Правовая система включает различные типы права: материальное, процессуальное, уголовно-исполнительное, юрисдикционное и т. д. Каждый из этих типов права имеет аналог в системе неформальных норм. Подобно доктрине исковой давности, запрещающей предъявление просроченных исков, неформальная норма говорит людям «что было, то прошло». В главах 11–14 обсуждаются функции и содержание основных типов норм, которые должны быть выработаны неиерархической группой для построения системы неформального порядка. Неформальные нормы служат, среди прочих своих функций, созданию прав собственности, управлению принуждением к исправлению, а также наказанию тех лиц, которые неуместно обращаются к правовой системе. Кроме того, в этих главах приводятся примеры из округа Шаста, китобойных промыслов, университетских копировальных центров и других мест, чтобы проиллюстрировать каждую из основных разновидностей норм и тем самым наметить исходные черты на чистой (в основном) карте неформальной доктрины.

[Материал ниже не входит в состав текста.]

lemma bij_betw_remove_block:
  assumes S: "finite S" and s: "s \<ge> 1"
  shows "bij_betw (\<lambda>(A, B). (B, A - {B})) (SIGMA A:partitions_into S s. A)
           (SIGMA B:Pow S - {{}}. partitions_into (S - B) (s - 1))"
proof (rule bij_betw_byWitness[where f' = "\<lambda>(B, A'). (insert B A', B)"])
  have remove: "B \<in> Pow S - {{}} \<and> A - {B} \<in> partitions_into (S - B) (s - 1)"
    if "A \<in> partitions_into S s" "B \<in> A" for A B
  proof -
    have "finite A" using that S finite_elements by (auto simp: partitions_into_def)
    with that partition_on_Diff_block[of S A B] show ?thesis
      by (auto simp: partitions_into_def partition_on_def)
  qed
  have insert: "insert B A' \<in> partitions_into S s \<and> B \<notin> A'"
    if "B \<in> Pow S - {{}}" "A' \<in> partitions_into (S - B) (s - 1)" for B A'
  proof -
    have "finite A'" using that S finite_elements[of "S - B"] by (auto simp: partitions_into_def)
    with that s partition_on_insert_block[of S B A'] show ?thesis
      by (auto simp: partitions_into_def)
  qed
  show "\<forall>a\<in>SIGMA A:partitions_into S s. A. (\<lambda>(B, A'). (insert B A', B)) ((\<lambda>(A, B). (B, A - {B})) a) = a"
    by auto
  show "\<forall>b\<in>SIGMA B:Pow S - {{}}. partitions_into (S - B) (s - 1).
          (\<lambda>(A, B). (B, A - {B})) ((\<lambda>(B, A'). (insert B A', B)) b) = b"
    using insert by auto
  show "(\<lambda>(A, B). (B, A - {B})) ` (SIGMA A:partitions_into S s. A)
          \<subseteq> (SIGMA B:Pow S - {{}}. partitions_into (S - B) (s - 1))"
    using remove by auto
  show "(\<lambda>(B, A'). (insert B A', B)) ` (SIGMA B:Pow S - {{}}. partitions_into (S - B) (s - 1))
          \<subseteq> (SIGMA A:partitions_into S s. A)"
    using insert by auto
qed

text \<open>Marking one block of a partition into \<open>s\<close> blocks, counted in two ways.\<close>
lemma partition_sum_rec:
  assumes S: "finite S" and s: "s \<ge> 1"
  shows "real s * partition_sum w s S
       = (\<Sum>B\<in>Pow S - {{}}. w (card B) * partition_sum w (s - 1) (S - B))"
proof -
  have fin: "\<And>A. A \<in> partitions_into S s \<Longrightarrow> finite A"
    using S finite_elements by (auto simp: partitions_into_def)
  have "real s * partition_sum w s S
      = (\<Sum>A\<in>partitions_into S s. \<Sum>B\<in>A. w (card B) * (\<Prod>B'\<in>A - {B}. w (card B')))"
    unfolding partition_sum_def sum_distrib_left
  proof (intro sum.cong refl)
    fix A assume A: "A \<in> partitions_into S s"
    have "(\<Sum>B\<in>A. w (card B) * (\<Prod>B'\<in>A - {B}. w (card B'))) = (\<Sum>B\<in>A. \<Prod>B'\<in>A. w (card B'))"
      by (intro sum.cong refl) (simp add: prod.remove[OF fin[OF A]])
    then show "real s * (\<Prod>B\<in>A. w (card B)) = (\<Sum>B\<in>A. w (card B) * (\<Prod>B'\<in>A - {B}. w (card B')))"
      using A by (simp add: partitions_into_def)
  qed
  also have "\<dots> = (\<Sum>(A, B)\<in>(SIGMA A:partitions_into S s. A). w (card B) * (\<Prod>B'\<in>A - {B}. w (card B')))"
    by (rule sum.Sigma) (use S finite_partitions_into fin in auto)
  also have "\<dots> = (\<Sum>(B, A')\<in>(SIGMA B:Pow S - {{}}. partitions_into (S - B) (s - 1)).
                     w (card B) * (\<Prod>B'\<in>A'. w (card B')))"
    using sum.reindex_bij_betw[OF bij_betw_remove_block[OF S s],
            of "\<lambda>(B, A'). w (card B) * (\<Prod>B'\<in>A'. w (card B'))"]
    by (simp add: split_def)
  also have "\<dots> = (\<Sum>B\<in>Pow S - {{}}. \<Sum>A'\<in>partitions_into (S - B) (s - 1).
                     w (card B) * (\<Prod>B'\<in>A'. w (card B')))"
    by (rule sum.Sigma[symmetric]) (use S in \<open>auto intro: finite_partitions_into\<close>)
  also have "\<dots> = (\<Sum>B\<in>Pow S - {{}}. w (card B) * partition_sum w (s - 1) (S - B))"
    by (simp add: partition_sum_def sum_distrib_left)
  finally show ?thesis .
qed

В главах 15 и 16, которые составляют часть III, исследуются дефекты и последствия, связанные с ранее разработанными положениями, в частности общей гипотезы о том, что различные нити в паутине неформального контроля, как правило, утилитарны по содержанию. Погружение в жизнь сельской местности округа Шаста, с которого начинается эта книга, служит основой для теоретических дискуссий в ее конце.
Часть I. Округ Шаста
1. Округ Шаста и его скотоводческая отрасль
Журналисты из округа Шаста часто называют свой регион «Верхней Калифорнией», это горделивое наименование отличает и выделяет, в отличие от названия «Северная Калифорния», самые северные округа штата от области залива Сан-Франциско. Как показано на рис. 1.1, округ расположен на северной оконечности, тянущейся на 400 километров Калифорнийской Центральной долины, недалеко от границы с Орегоном. Река Сакраменто, орошающая северную половину Центральной долины, делит округ на две части. Реддинг, место пребывания властей округа и его крупнейший город, находится на высоте 500 футов, в том месте, где река Сакраменто спускается с гор к северу от долины, чтобы начать свое путешествие в 200 миль на юг, в сторону залива Сан-Франциско.
Природная среда
Высокие горные вершины лежат в пределах видимости Реддинга во всех направлениях, кроме южного. Горы Тринити расположены на западе, конус горы Шаста, фактически находящейся в округе Сискию, возвышается в 50 милях на север, а на востоке лежат другие возвышенности вулканических Каскадных гор, среди которых выделяется Лассен-Пик, расположенный в юго-восточном углу округа Шаста. К востоку, северу и западу от Реддинга беспорядочно поднимаются предгорья, ведущие к этим далеким горным вершинам.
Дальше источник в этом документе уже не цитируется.